How to calculate measurement uncertainty

Introduction
Measurement uncertainty is a crucial aspect of any scientific investigation or industrial process. It quantifies the doubt or variation that exists in a measured value and accounts for potential errors and inaccuracies. Accurate calculations of measurement uncertainty enable scientists, engineers, and technicians to better understand the precision of their results.
In this article, we will provide a comprehensive guide on how to calculate measurement uncertainty. This will include understanding the different sources of uncertainty, determining the appropriate statistical methods, and effectively reporting the final measurement with its associated uncertainty.
1. Identify the sources of uncertainty
The first step in calculating a measurement’s uncertainty is identifying all potential sources of variability or error.
These can generally be classified into two categories: random and systematic uncertainties.
a. Random uncertainties are unpredictable variations that occur due to factors such as instrument noise or environmental conditions. These uncertainties can be reduced by increasing the number of measurements.

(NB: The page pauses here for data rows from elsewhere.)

lemma pos_semidef_diag_nonneg: "pos_semidef U \<Longrightarrow> 0 \<le> U$i$i"
  unfolding pos_semidef_def using inner_axis_matrix_axis[of i 1 U i 1] by (metis mult_1)

lemma symmetric_matrix_entry: "transpose U = U \<Longrightarrow> U$i$j = U$j$i"
  by (metis transpose_def vec_lambda_beta)

lemma pos_semidef_zero_diag:
  assumes "pos_semidef U" "transpose U = U" "U$p$p = 0"
  shows "U$p$k = 0"
proof (rule ccontr)
  assume ne: "U$p$k \<noteq> 0"
  have "0 \<le> (axis p s + axis k 1) \<bullet> (U *v (axis p s + axis k 1))" for s
    using assms(1) unfolding pos_semidef_def by blast
  then have "0 \<le> 2 * s * U$p$k + U$k$k" for s
    by (simp add: matrix_vector_right_distrib inner_add_left inner_add_right inner_axis_matrix_axis
        assms(3) symmetric_matrix_entry[OF assms(2), of p k] algebra_simps)
  from this[of "- (U$k$k + 1) / (2 * U$p$k)"] show False
    using ne by (simp add: field_simps)
qed

lemma pos_semidef_congruence:
  assumes "pos_semidef U"
  shows "pos_semidef (E ** U ** transpose E)"
  unfolding pos_semidef_def
proof
  fix x
  have "0 \<le> (x v* E) \<bullet> (U *v (x v* E))"
    using assms unfolding pos_semidef_def by blast
  then show "0 \<le> x \<bullet> ((E ** U ** transpose E) *v x)"
    by (simp add: matrix_vector_mul_assoc[symmetric] dot_lmul_matrix[symmetric])
qed

definition pivot_elim :: "'n \<Rightarrow> ('n \<Rightarrow> real) \<Rightarrow> real^'n^'n" where
  "pivot_elim p c = (\<chi> i j. (if i = j then 1 else 0) - (if j = p \<and> i \<noteq> p then c i else 0))"

lemma pivot_elim_mult_nth:
  "(pivot_elim p c ** A) $ i $ l = A$i$l - (if i \<noteq> p then c i * A$p$l else 0)"
  for A :: "real^'m^'n"
proof -
  have "(pivot_elim p c ** A) $ i $ l = (\<Sum>k\<in>UNIV.
      ((if i = k then 1 else 0) - (if k = p \<and> i \<noteq> p then c i else 0)) * A$k$l)"
    by (simp add: matrix_matrix_mult_def pivot_elim_def)
  also have "\<dots> = (\<Sum>k\<in>UNIV. if i = k then A$k$l else 0)
      - (\<Sum>k\<in>UNIV. if k = p then (if i \<noteq> p then c i * A$k$l else 0) else 0)"
    by (subst sum_subtractf[symmetric], rule sum.cong) auto
  finally show ?thesis by simp
qed

lemma mult_transpose_pivot_elim_nth:
  "(A ** transpose (pivot_elim p c)) $ i $ j = A$i$j - (if j \<noteq> p then c j * A$i$p else 0)"
  for A :: "real^'n^'m"
proof -
  have "A ** transpose (pivot_elim p c) = transpose (pivot_elim p c ** transpose A)"
    by (simp add: matrix_transpose_mul)
  then show ?thesis by (simp add: transpose_def pivot_elim_mult_nth)
qed
text \<open>
  Put U_i = F_i(X_i). By the probability integral transform U is distributed according to the
  law \<mu> of C, the unique probability measure with uniform marginals and distribution function C,
  so \<rho>_S(X_i, X_j) = 12 c_ij with c_ij = Cov(U_i, U_j), and
  SIX = (12 Var(\<Sum> w_i U_i) - S_2) / (S_1^2 - S_2).
  (i) By Hoeffding's formula E[U_i U_j] = \<integral>\<integral> P(U_i > s, U_j > t) ds dt, each c_ij is monotone
  in the survival function.
  (ii), (iii) c_ij \<le> 1/12 = Var U_i, with equality iff U_i = U_j almost surely, and this holds
  for all pairs iff C(u) = min(u_1, ..., u_d).
  (ii), (iv) If the largest weight w_m exceeds S_1/2, then w = w* + \<delta> e_m with
  \<delta> = 2 w_m - S_1 and w*_m = \<Sum>_{i \<noteq> m} w_i, hence
  Var(\<Sum> w_i U_i) = Var(\<Sum> w*_i U_i) + 2 \<delta> \<Sum>_{i \<noteq> m} w_i (1/12 + c_im) + \<delta>^2/12 \<ge> l(w),
  where the middle term is nonnegative because c_im \<ge> -1/12. Equality holds iff
  \<Sum> w*_i U_i is almost surely constant, i.e. iff C is w*-CM; if no weight exceeds S_1/2
  then w* = w, \<delta> = 0 and the same conclusion holds trivially.
\<close>

lemma sets_Collect_all_less:
  fixes n :: nat
  assumes "\<And>i. i < n \<Longrightarrow> {x\<in>space M. P i x} \<in> sets M"
  shows "{x\<in>space M. \<forall>i<n. P i x} \<in> sets M"
  using sets.sets_Collect_finite_All[of "{..<n}" M P] assms by (simp add: lessThan_iff)

section \<open>Continuous distribution functions\<close>

lemma cont_df_nonneg: "cont_df F \<Longrightarrow> 0 \<le> F x"
proof -
  assume F: "cont_df F"
  then have "(F \<longlongrightarrow> 0) at_bot" "mono F" unfolding cont_df_def by auto
  moreover have "eventually (\<lambda>y. F y \<le> F x) at_bot"
    unfolding eventually_at_bot_linorder using \<open>mono F\<close> by (auto dest: monoD)
  ultimately show ?thesis by (intro tendsto_upperbound[of F 0 at_bot]) simp_all
qed

lemma cont_df_le_one: "cont_df F \<Longrightarrow> F x \<le> 1"
proof -
  assume F: "cont_df F"
  then have "(F \<longlongrightarrow> 1) at_top" "mono F" unfolding cont_df_def by auto
  moreover have "eventually (\<lambda>y. F x \<le> F y) at_top"
    unfolding eventually_at_top_linorder using \<open>mono F\<close> by (auto dest: monoD)
  ultimately show ?thesis by (intro tendsto_lowerbound[of F 1 at_top]) simp_all
qed

lemma borel_measurable_cont_df: "cont_df F \<Longrightarrow> F \<in> borel_measurable borel"
  unfolding cont_df_def by (auto intro: borel_measurable_continuous_onI)

lemma cont_df_quantile:
  assumes F: "cont_df F" and t: "0 < t" "t < 1"
  shows "\<exists>x. F x = t \<and> (\<forall>z. F z \<le> t \<longleftrightarrow> z \<le> x)"
proof -
  have mono: "mono F" and cont: "continuous_on UNIV F"
    and lim0: "(F \<longlongrightarrow> 0) at_bot" and lim1: "(F \<longlongrightarrow> 1) at_top"
    using F unfolding cont_df_def by auto
  define S where "S = {z. F z \<le> t}"
  have "eventually (\<lambda>z. F z < t) at_bot" using lim0 t by (intro order_tendstoD(2)) auto
  then obtain z0 where "F z0 < t" by (auto simp: eventually_at_bot_linorder)
  then have "z0 \<in> S" unfolding S_def by simp
  then have ne: "S \<noteq> {}" by blast
  have "eventually (\<lambda>z. t < F z) at_top" using lim1 t by (intro order_tendstoD(1)) auto
  then obtain N where N: "\<And>z. N \<le> z \<Longrightarrow> t < F z" by (auto simp: eventually_at_top_linorder)
  have below_N: "z < N" if "z \<in> S" for z
  proof (rule ccontr)
    assume "\<not> z < N"
    then have "t < F z" using N by simp
    then show False using that unfolding S_def by simp
  qed
  then have bdd: "bdd_above S" by (meson bdd_above.I less_imp_le)
  have "closed S" unfolding S_def by (intro closed_Collect_le cont continuous_on_const)
  define x where "x = Sup S"
  have xS: "x \<in> S" unfolding x_def by (rule closed_contains_Sup[OF ne bdd \<open>closed S\<close>])
  have upper: "z \<le> x" if "z \<in> S" for z unfolding x_def using that bdd by (rule cSup_upper)
  have iff: "F z \<le> t \<longleftrightarrow> z \<le> x" for z
    using upper xS mono unfolding S_def by (auto dest: monoD[of F z x])
  have "F x \<le> t" "t \<le> F N" "x \<le> N" using xS N[of N] below_N[OF xS] unfolding S_def by auto
  then obtain y where "x \<le> y" "y \<le> N" "F y = t"
    using IVT'[of F x t N] continuous_on_subset[OF cont] by auto
  moreover from this(3) have "y \<le> x" using iff[of y] by simp
  ultimately have "F x = t" by (metis order_antisym)
  then show ?thesis using iff by blast
qed
lemma first_step_kill_from_eq_last_step_kill_into:
  "(\<Sum>w\<in>UNIV. P a w * matpow (kill_from P S) n w z) = (\<Sum>u\<in>UNIV. matpow (kill_into P S) n a u * P u z)"
proof (induction n arbitrary: a)
  case 0
  have "(\<Sum>u\<in>UNIV. matpow (kill_into P S) 0 a u * P u z) = (\<Sum>u\<in>UNIV. if a = u then P u z else 0)"
    by (rule sum.cong) auto
  then show ?case by (simp add: if_distrib[of "\<lambda>c. P a _ * c"] sum.delta' cong: if_cong)
next
  case (Suc n)
  have "(\<Sum>w\<in>UNIV. P a w * matpow (kill_from P S) (Suc n) w z)
      = (\<Sum>v\<in>UNIV. \<Sum>w\<in>UNIV. P a w * kill_from P S w v * matpow (kill_from P S) n v z)"
    by (subst sum.swap) (simp add: sum_distrib_left mult.assoc)
  also have "\<dots> = (\<Sum>v\<in>UNIV. \<Sum>w\<in>UNIV. kill_into P S a w * P w v * matpow (kill_from P S) n v z)"
    by (intro sum.cong) (auto simp: kill_from_def kill_into_def)
  also have "\<dots> = (\<Sum>w\<in>UNIV. kill_into P S a w * (\<Sum>u\<in>UNIV. matpow (kill_into P S) n w u * P u z))"
    by (subst sum.swap) (simp add: Suc[symmetric] sum_distrib_left mult.assoc)
  also have "\<dots> = (\<Sum>u\<in>UNIV. matpow (kill_into P S) (Suc n) a u * P u z)"
    by (simp add: sum_distrib_left sum_distrib_right mult.assoc) (rule sum.swap)
  finally show ?case .
qed

lemma hitp_at_Suc_last_step:
  "hitp_at P S (Suc n) a z = (if z \<in> S then (\<Sum>u\<in>UNIV. matpow (kill_into P S) n a u * P u z) else 0)"
  by (simp add: hit_at_eq_matpow first_step_kill_from_eq_last_step_kill_into[symmetric] cong: if_cong)

lemma return_prob_Suc:
  assumes "stochastic P"
  shows "return_prob P S (Suc n) a = survival P S n a - survival P S (Suc n) a"
proof -
  have split: "(\<Sum>z\<in>S. P u z) + (\<Sum>y\<in>UNIV. kill_into P S u y) = 1" for u
  proof -
    have "(\<Sum>y\<in>UNIV. kill_into P S u y) = (\<Sum>y\<in>UNIV - S. P u y)"
      by (simp add: kill_into_def sum.If_cases Compl_eq_Diff_UNIV)
    then show ?thesis
      using assms sum.subset_diff[of S UNIV "P u"] by (simp add: stochastic_def)
  qed
  have "return_prob P S (Suc n) a = (\<Sum>u\<in>UNIV. matpow (kill_into P S) n a u * (\<Sum>z\<in>S. P u z))"
    unfolding return_prob_def hitp_at_Suc_last_step
    by (simp add: sum.If_cases sum_distrib_left) (rule sum.swap)
  moreover have "survival P S (Suc n) a
      = (\<Sum>u\<in>UNIV. matpow (kill_into P S) n a u * (\<Sum>y\<in>UNIV. kill_into P S u y))"
    unfolding survival_def matpow_Suc_right by (simp add: sum_distrib_left) (rule sum.swap)
  ultimately have "return_prob P S (Suc n) a + survival P S (Suc n) a = survival P S n a"
    by (simp add: survival_def split sum.distrib[symmetric] distrib_left[symmetric])
  then show ?thesis by simp
qed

b. Systematic uncertainties are consistent biases in your measured values caused by errors in the measuring instrument or procedure itself (e.g., calibration errors, linearity, or drift). Systematic errors cannot be eliminated through repeated measurements but can often be corrected or minimized with proper calibration and adjustment.
2. Quantify the uncertainty from each source
Once identified, quantify the magnitude of each source of uncertainty by making use of available information:
a. Manufacturer’s specifications: Instrument specifications provided by manufacturers can offer valuable information regarding reference standards and tolerances.
b. Calibration certificates: When available, calibration certificates provide an assessed measurement bias and its associated uncertainty.
c. Experimental studies: Perform experiments or consult relevant literature to determine empirical relationships between variables.
3. Determine the appropriate statistical method
There are two main statistical methods for evaluating measurement uncertainty: Type A evaluation (statistical methods) and Type B evaluation (non-statistical methods).
a. Type A evaluation involves analyzing statistically independent repeated measurements on a sample. This method usually requires collecting a large dataset to estimate the uncertainties associated with random effects.
b. Type B evaluation is used when statistical data is not available or cannot be obtained through repeated measurements. Instead, the uncertainty is estimated based on other information such as manufacturer specifications, calibration data, or expert judgement.
4. Combine uncertainties
Once individual uncertainties are quantified, they must be combined in accordance with the principles of uncertainty propagation. The method most commonly used for combining uncertainties is the Root Sum of Squares (RSS) method:
Combined Uncertainty = SQRT(Sum(Square(individual uncertainties)))
5. Express measurement results with uncertainty
Finally, present your measurement results along with their respective combined uncertainty:
Measurement = (Measured Value ± Combined Uncertainty)
Conclusion
Calculating measurement uncertainty in a systematic way enables researchers and practitioners to better understand the nature of their results and improve overall analytical performance. By identifying and quantifying sources of uncertainty, determining appropriate statistical methods, and combining various uncertainties, one can confidently express measurements with their corresponding uncertainty values for reliable interpretation and decision-making.